CALCINATIO
The first stage is steeped in the symbolism of fire.
It involves the frustration of desire until the emotions exhaust themselves.
Fire cleanses, the imagery here is almost always that of a wolf and lion.
The lion personifies the lordly passions of “I want” and the wolf is perpetually hungry.
These animals have been connected over centuries with passions, with hunger and pride and arrogance and desire.
In alchemy there is an imagery of cutting off the lions paws, if looked at in another way it is an extremely sophisticated model of the frustration of our desire.
A lion cannot claw or pursue its prey if it has no front paws.
What is reflected in the calcinatio is not repression or moral condemnation; it is a voluntary sacrifice so that something else can emerge.
Frustrated love is one area in life where a calcinatio occurs most often. Frustrated ambition in our life too brings on the same issues. This desire burns away a great deal of dross, if it is entered into with consciousness.

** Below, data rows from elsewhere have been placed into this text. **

lemma cell_subset: "x \<in> topspace X \<Longrightarrow> snd (cell n x) \<subseteq> M"
  using cell(3) closedin_subset unfolding is_cell_def by fastforce

(* This intersection is a singleton: a decreasing sequence of nonempty closed sets with
   diameters tending to 0 in the complete space M. *)
lemma nest_point:
  assumes x: "x \<in> topspace X"
  shows "(\<Inter>n. snd (cell n x)) = {point x}"
proof -
  have closed: "closedin mtopology (snd (cell n x))" and ne: "snd (cell n x) \<noteq> {}" for n
    using cell(3)[OF x] unfolding is_cell_def by auto
  have dec: "decseq (\<lambda>n. snd (cell n x))"
    using cell_Suc_le[OF x] by (simp add: decseq_Suc_iff less_eq_prod_def)
  have small: "\<exists>n a. snd (cell n x) \<subseteq> mcball a \<epsilon>" if \<epsilon>: "\<epsilon> > 0" for \<epsilon>
  proof -
    obtain n where n: "(1/2)^n < \<epsilon>" using real_arch_pow_inv[of \<epsilon> "1/2"] \<epsilon> by auto
    obtain a where a: "a \<in> snd (cell n x)" using ne by blast
    have "d a z \<le> (1/2)^n" if "z \<in> snd (cell n x)" for z
      using fine[OF cell(1)[OF x]] a that unfolding cell_fine_def by blast
    then have "snd (cell n x) \<subseteq> mcball a \<epsilon>"
      using n a cell_subset[OF x] by (auto simp: subset_iff intro: order_trans[OF _ less_imp_le])
    then show ?thesis by blast
  qed
  have "\<exists>l. l \<in> M \<and> (\<Inter>n. snd (cell n x)) = {l}"
    by (rule mcomplete_nest_sing[THEN iffD1, OF compact_space_imp_mcomplete[OF compact_M], rule_format])
      (use closed ne dec small in blast)
  then show ?thesis unfolding point_def by force
qed

lemma point_in_cell: "x \<in> topspace X \<Longrightarrow> point x \<in> snd (cell n x)"
  using nest_point by blast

Normally if the person cannot have the object of his or her desire there is great deal of frustration of desire; there is a great deal of anger; the other person or an outer circumstance is blamed; or there is some kind of sodden self-pity and self-denigration.
But if the response to such a situation contains some recognition of its potential creativity, and the person can contain the anger and frustration and rage without blame falling on either the beloved or oneself; or on circumstances that frustrate the ambition; until something begins to transform from within, then this kind of experience can become one of the greatest shapers of a solid sense of personal identity.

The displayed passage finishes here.